Let’s examine the passage to see how each of them prayed:
“The Pharisee took his stand and was praying like this: ‘God, I thank You that I’m not like other people —greedy, unrighteous, adulterers, or even like this tax collector. I fast twice a week; I give a tenth of everything I get.’” (Luke 18:11-12 HCSB)
How would you describe his prayer? Does he confess any sin? Does he worship God? Does he request anything for anyone else? No! All he does during his prayer is compare himself with other people, reminding God how much better he is than everyone else (also notice how many “I”s are in those two verses!).
And then, notice how the tax collector prayed:
“But the tax collector, standing far off, would not even raise his eyes to heaven but kept striking his chest and saying, ‘God, turn Your wrath from me—a sinner!’ (Luke 18:13 HCSB)

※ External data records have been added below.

(* Let $b>3$ be a strongly symmetric base. Then $b+1$ is prime.
   Context: Let $b>2$ be an integer base and write $(d_k,d_{k-1},\ldots,d_0)_b=\sum_{j=0}^k d_j b^j$ with $0\le d_j<b$. A natural number $p=(d_k,\ldots,d_0)_b$ with $d_k\neq 0$ and $d_0\neq 0$ that is not a base-$b$ palindrome is an $(n,b)$-palintiple if $(d_k,\ldots,d_0)_b=n\,(d_0,d_1,\ldots,d_k)_b$ for an integer $n$ with $1<n<b$; a base-$b$ palintiple is an $(n,b)$-palintiple for some such $n$. Its carries $c_0,\ldots,c_{k+1}$ are the carries arising in the base-$b$ multiplication of $(d_0,\ldots,d_k)_b$ by $n$: $c_0=0$ and $n d_{k-j}+c_j=d_j+b\,c_{j+1}$ for $0\le j\le k$ (so $c_{k+1}=0$). The palintiple is symmetric if $c_j=c_{k-j}$ for all $0\le j\le k$. A base $b$ is strongly symmetric if every base-$b$ palintiple (for every $n$ with $1<n<b$) is symmetric. *)

theory Defs
  imports "HOL-Computational_Algebra.Primes"
begin

text \<open>A base-b digit string of length k+1 is a function d :: nat => nat,
  where d j is the coefficient of b^j for j <= k.\<close>

definition digval :: "nat \<Rightarrow> nat \<Rightarrow> (nat \<Rightarrow> nat) \<Rightarrow> nat" where
  "digval b k d = (\<Sum>j\<le>k. d j * b ^ j)"

definition is_palintiple :: "nat \<Rightarrow> nat \<Rightarrow> nat \<Rightarrow> (nat \<Rightarrow> nat) \<Rightarrow> bool" where
  "is_palintiple n b k d \<longleftrightarrow>
     1 < n \<and> n < b \<and>
     (\<forall>j\<le>k. d j < b) \<and> d k \<noteq> 0 \<and> d 0 \<noteq> 0 \<and>
     \<not> (\<forall>j\<le>k. d j = d (k - j)) \<and>
     digval b k d = n * digval b k (\<lambda>j. d (k - j))"

text \<open>Carries of the base-b multiplication of (d_0,...,d_k)_b by n:
  c_0 = 0 and n d_{k-j} + c_j = d_j + b c_{j+1}; for a palintiple these
  are uniquely determined, c_{j+1} = (n d_{k-j} + c_j) div b.\<close>

fun carry :: "nat \<Rightarrow> nat \<Rightarrow> nat \<Rightarrow> (nat \<Rightarrow> nat) \<Rightarrow> nat \<Rightarrow> nat" where
  "carry n b k d 0 = 0"
| "carry n b k d (Suc j) = (n * d (k - j) + carry n b k d j) div b"

definition symmetric_palintiple :: "nat \<Rightarrow> nat \<Rightarrow> nat \<Rightarrow> (nat \<Rightarrow> nat) \<Rightarrow> bool" where
  "symmetric_palintiple n b k d \<longleftrightarrow>
     (\<forall>j\<le>k. carry n b k d j = carry n b k d (k - j))"

definition strongly_symmetric :: "nat \<Rightarrow> bool" where
  "strongly_symmetric b \<longleftrightarrow>
     (\<forall>n k d. is_palintiple n b k d \<longrightarrow> symmetric_palintiple n b k d)"

end

theory Submission
  imports Defs
begin

text \<open>If b + 1 = (n + 1)(s + 1) with n \<ge> 2 and s \<ge> 1, then b = ns + n + s and the two-digit
  number with digits d_1 = ns + n - 1, d_0 = s is an (n,b)-palintiple:
  (ns + n - 1) b + s = n (s b + ns + n - 1).  Its only inner carry is
  c_1 = floor(n d_1 / b) \<ge> 1 while c_0 = 0, so it is not symmetric.  A composite
  b + 1 \<ge> 5 always has such a factorisation.\<close>

lemma digval_two_digits: "digval b 1 d = d 0 + d 1 * b"
  by (simp add: digval_def atMost_Suc)

lemma symmetric_two_digit_palintiple_iff:
  assumes "0 < b"
  shows "symmetric_palintiple n b 1 d \<longleftrightarrow> n * d 1 < b"
proof -
  have "symmetric_palintiple n b 1 d \<longleftrightarrow> carry n b 1 d 1 = 0"
    unfolding symmetric_palintiple_def by (auto simp: le_Suc_eq)
  also have "\<dots> \<longleftrightarrow> n * d 1 < b"
    using assms by (simp add: div_eq_0_iff)
  finally show ?thesis .
qed

lemma two_digit_palintiple:
  fixes n s :: nat
  assumes "2 \<le> n" and "1 \<le> s"
  defines "b \<equiv> n * s + n + s"
    and "d \<equiv> \<lambda>j. if j = 0 then s else n * s + n - 1"
  shows "is_palintiple n b 1 d"
proof -
  have d0: "d 0 = s" and d1: "d 1 = n * s + n - 1"
    by (simp_all add: d_def)
  have "s < d 1" and "d 1 < b"
    using assms(1) unfolding d1 b_def by (cases n; simp)+
  hence "d 0 \<noteq> d (1 - 0)"
    by (simp add: d0)
  hence "\<not> (\<forall>j\<le>1. d j = d (1 - j))"
    using zero_le_one by blast
  moreover have "digval b 1 d = n * digval b 1 (\<lambda>j. d (1 - j))"
  proof -
    obtain k where k: "n = Suc k"
      using assms(1) by (cases n) auto
    have "s + (n * s + n - 1) * b = n * ((n * s + n - 1) + s * b)"
      unfolding b_def k by (simp add: algebra_simps)
    thus ?thesis
      unfolding digval_two_digits by (simp add: d_def)
  qed
  moreover have "\<forall>j\<le>1. d j < b"
    using \<open>s < d 1\<close> \<open>d 1 < b\<close> d0 by (auto simp: le_Suc_eq)
  ultimately show ?thesis
    using assms \<open>s < d 1\<close> d0 unfolding is_palintiple_def by (simp add: b_def)
qed

lemma not_strongly_symmetric_if_factor:
  fixes n s :: nat
  assumes "2 \<le> n" and "1 \<le> s"
  shows "\<not> strongly_symmetric (n * s + n + s)"
proof
  define b where "b = n * s + n + s"
  define d :: "nat \<Rightarrow> nat" where "d = (\<lambda>j. if j = 0 then s else n * s + n - 1)"
  assume "strongly_symmetric (n * s + n + s)"
  moreover have "is_palintiple n b 1 d"
    using two_digit_palintiple[OF assms] by (simp add: b_def d_def)
  ultimately have "symmetric_palintiple n b 1 d"
    by (simp add: strongly_symmetric_def b_def)
  moreover have "0 < b"
    using assms by (simp add: b_def)
  ultimately have "n * d 1 < b"
    using symmetric_two_digit_palintiple_iff by blast
  moreover have "b \<le> n * d 1"
  proof -
    have "s \<le> n * s"
      using assms by simp
    hence "b \<le> 2 * (n * s + n - 1)"
      using assms unfolding b_def by linarith
    also have "\<dots> \<le> n * d 1"
      using assms by (simp add: d_def mult_right_mono)
    finally show ?thesis .
  qed
  ultimately show False
    by simp
qed

lemma composite_factor_ge_3:
  fixes a :: nat
  assumes "5 \<le> a" and "\<not> prime a"
  obtains x y where "a = x * y" and "3 \<le> x" and "2 \<le> y"
proof -
  obtain x y where a: "a = x * y" and "x \<noteq> 1" and "y \<noteq> 1"
    using assms prime_nat_iff by auto
  moreover have "x * y \<noteq> 0"
    using a assms(1) by linarith
  ultimately have x: "2 \<le> x" and y: "2 \<le> y"
    by auto
  have "\<not> (x = 2 \<and> y = 2)"
    using a assms(1) by auto
  with x y have "3 \<le> x \<or> 3 \<le> y"
    by auto
  with a x y that show thesis
    by (metis mult.commute)
qed

theorem theorem2:
  fixes b :: nat
  assumes "b > 3" and "strongly_symmetric b"
  shows "prime (b + 1)"
proof (rule ccontr)
  assume "\<not> prime (b + 1)"
  then obtain x y where xy: "b + 1 = x * y" and "3 \<le> x" and "2 \<le> y"
    using assms(1) composite_factor_ge_3[of "b + 1"] by auto
  obtain n where n: "x = n + 1" and "2 \<le> n"
    using \<open>3 \<le> x\<close> by (cases x) auto
  obtain s where s: "y = s + 1" and "1 \<le> s"
    using \<open>2 \<le> y\<close> by (cases y) auto
  from xy have "b = n * s + n + s"
    by (simp add: n s algebra_simps)
  with assms(2) not_strongly_symmetric_if_factor[OF \<open>2 \<le> n\<close> \<open>1 \<le> s\<close>] show False
    by simp
qed

end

In contrast, the tax collector is not worried about anyone else because he can’t escape his own dire plight! He is ashamed of himself, sorrowful for his sinful actions, and begs for God’s mercy and atonement to cover and remove the consequences of his sins, which he fully deserves to bear!
Is it any wonder the parable ends this way. . .
“I tell you, this one [the tax collector] went down to his house justified rather than the other; because everyone who exalts himself will be humbled, but the one who humbles himself will be exalted.” (Luke 18:14 HCSB)
Now, as we return to the Beatitude, how are the “spiritually bankrupt” truly blessed? As the parable reveals, anyone not spiritually bankrupt doesn’t really need God. It is only when we are at the end of our rope, and we’ve hit rock bottom, that we recognize our need for a savior! And, contrary to what the world may say, this person is truly blessed because God has made salvation possible and is with them forever! That is what the last phrase “for theirs is the kingdom of heaven” means. Think of it this way: you may not have anything, but if you’re blessed, you really have everything you need in this life and the one to come. Why? This person is truly blessed because they’re a citizen of the kingdom of heaven and displaying the power of God as alive and active in their life right now!
“God approves of and is with the mourning ones, for they shall be comforted.”
It should be noted that some scholars see a progression between the first Beatitude and this one. If you are spiritually bankrupt, then you will truly mourn. The word here “mourn” refers to grieving over a death or of a great loss.
But what is Jesus saying about his followers in this Beatitude?
- Our sin should cause us to mourn.
- The evil and suffering we see in this world should cause us to mourn;
- The injustice we see in the world should cause us to mourn.
In short, once we become a citizen of the kingdom, where God’s rule on this planet has begun in us, now we should see things from God’s perspective. Consequently, we recognize the sheer audacity and rebellion that our sin is, how evil in all its ugly forms has manifested itself in this world that was once deemed “very good”, and lastly at every triumph of injustice, we mourn until the final day when righteousness will ultimately and absolutely triumph!
And I love the promise attached to this Beatitude: those who mourn “they will be comforted”. In the original language, this phrase is known as a divine passive meaning that God himself will comfort his people, both in the present, but especially in the future.
So notice what Jesus is saying about his followers: God’s people mourn, but. . .
- We are still hopeful trusting in the sovereign God;
- Our mourning does not turn to despair because we will be comforted;
- In the face of injustice, we seek to bring justice, empowered by His Spirit.
Now that is someone who is truly blessed!